Imagine running a charity program that accepts money for noble causes. Suddenly, a criminal or malicious actor shows up and decides he’s going to give some money he stole to you. You’d like to say yes because any amount helps what you’re working towards, but the fact is that this is stolen money, and your conscience could never be okay with taking it. In addition, you’re likely to get locked up in some legal issues down the line. What would you do? Unfortunately, for two charities, this is the decision they’re facing right about now.

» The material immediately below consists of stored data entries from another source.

(* Q6 \ 0 contains the circuits {1,2,3,5}, {1,2,4,5}, and Q6 / 0 the circuits
   {1,3,4}, {1,3,5}. *)
lemma Q6_not_in_Z: "\<not> in_Z Q6"
proof (rule not_in_Z_if_neither_minor_binary[of 0])
  show "\<not> binary (delete Q6 {0})"
    by (rule not_binary_if_twin_circuits[of _ 3 "{1,2,5}" 4])
      (simp_all add: circuit_def delete_def Q6_def insert_Diff_if, (code_simp+)?)
  show "\<not> binary (contract Q6 {0})"
    by (rule not_binary_if_twin_circuits[of _ 4 "{1,3}" 5])
      (simp_all add: contract_single Q6_def circuit_def insert_Diff_if, (code_simp+)?)
qed (simp add: Q6_def)

lemma U36_rank3_paving: "U36 = rank3_paving {0..5} {}"
  by (simp add: U36_def rank3_paving_def)

lemma P6_rank3_paving: "P6 = rank3_paving {0..5} {{0,1,2}}"
  by (simp add: P6_def rank3_paving_def)

lemma Q6_rank3_paving: "Q6 = rank3_paving {0..5} {{0,1,2}, {2,3,4}}"
  by (simp add: Q6_def rank3_paving_def conj_commute)

theorem lemma2p11:
  shows "excluded_minor_Z Q6 \<and> excluded_minor_Z P6 \<and> excluded_minor_Z U36"
proof -
  have six: "finite {0..5::nat}" "card {0..5::nat} = 6" by simp_all
  have "triangle_system {{0,1,2}, {2,3,4::nat}}" "triangle_system {{0,1,2::nat}}"
    "triangle_system ({} :: nat set set)"
    by (simp_all add: triangle_system_def)
  then show ?thesis
    using rank3_paving_six_excluded_minor[OF six] Q6_not_in_Z P6_not_in_Z U36_not_in_Z
    unfolding Q6_rank3_paving P6_rank3_paving U36_rank3_paving by blast
qed

end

Stolen Money Cannot Be Charity Money
Darkside, a cybercrime ring, has donated roughly 0.88 stolen bitcoin – worth approximately $10,000 at the time of writing – to two separate online charities: Children International and the Water Project. As it stands, the law is rather clear on issues like this. If a charity program does not know who the money came from, where it was sourced or how to return it if need be, then the program must say no and turn the funds down.
Brian Higgins – a security specialist at Comparitech.com – claims that the crime organization was looking to just get attention, and that it wasn’t keen on trying to make a difference in the world. He states:
Firstly, $10,000 is a paltry sum in comparison to the vast amounts of money they’ve extorted from their victims over the years, so it’s hardly a grand philanthropic gesture and, secondly, no credible charity is ever going to accept donations which are demonstrably the proceeds of crime. There’s a small possibility this is some kind of test to see if they could launder their criminal proceeds somehow, but it’s more probable that Darkside clearly has too much time on its hands and too much stolen money knocking about in their bitcoin wallets. If they were really serious about ‘making the world a better place’ they’d all sell their laptops and stay off the internet.
Despite these words, Darkside has released a press release that appears to compare the organization to a modern-day Robin Hood and his merry men, with representatives saying that they are potentially looking to make some sort of small difference. The press release explains:
No matter how bad you think our work is, we are pleased to know that we helped change someone’s life.
The Law Makes Things Clear
The charities also received the money before Darkside ever let the world know of its involvement. The Institute of Fundraisers explains:
Donations to charities should only be rejected in exceptional circumstances, when it would be unlawful to accept it (e.g. the organization knows that the gift comprises the proceeds of crime) or accepting the donation would be detrimental to the achievement of the purposes of the organization, as set out in its constitution.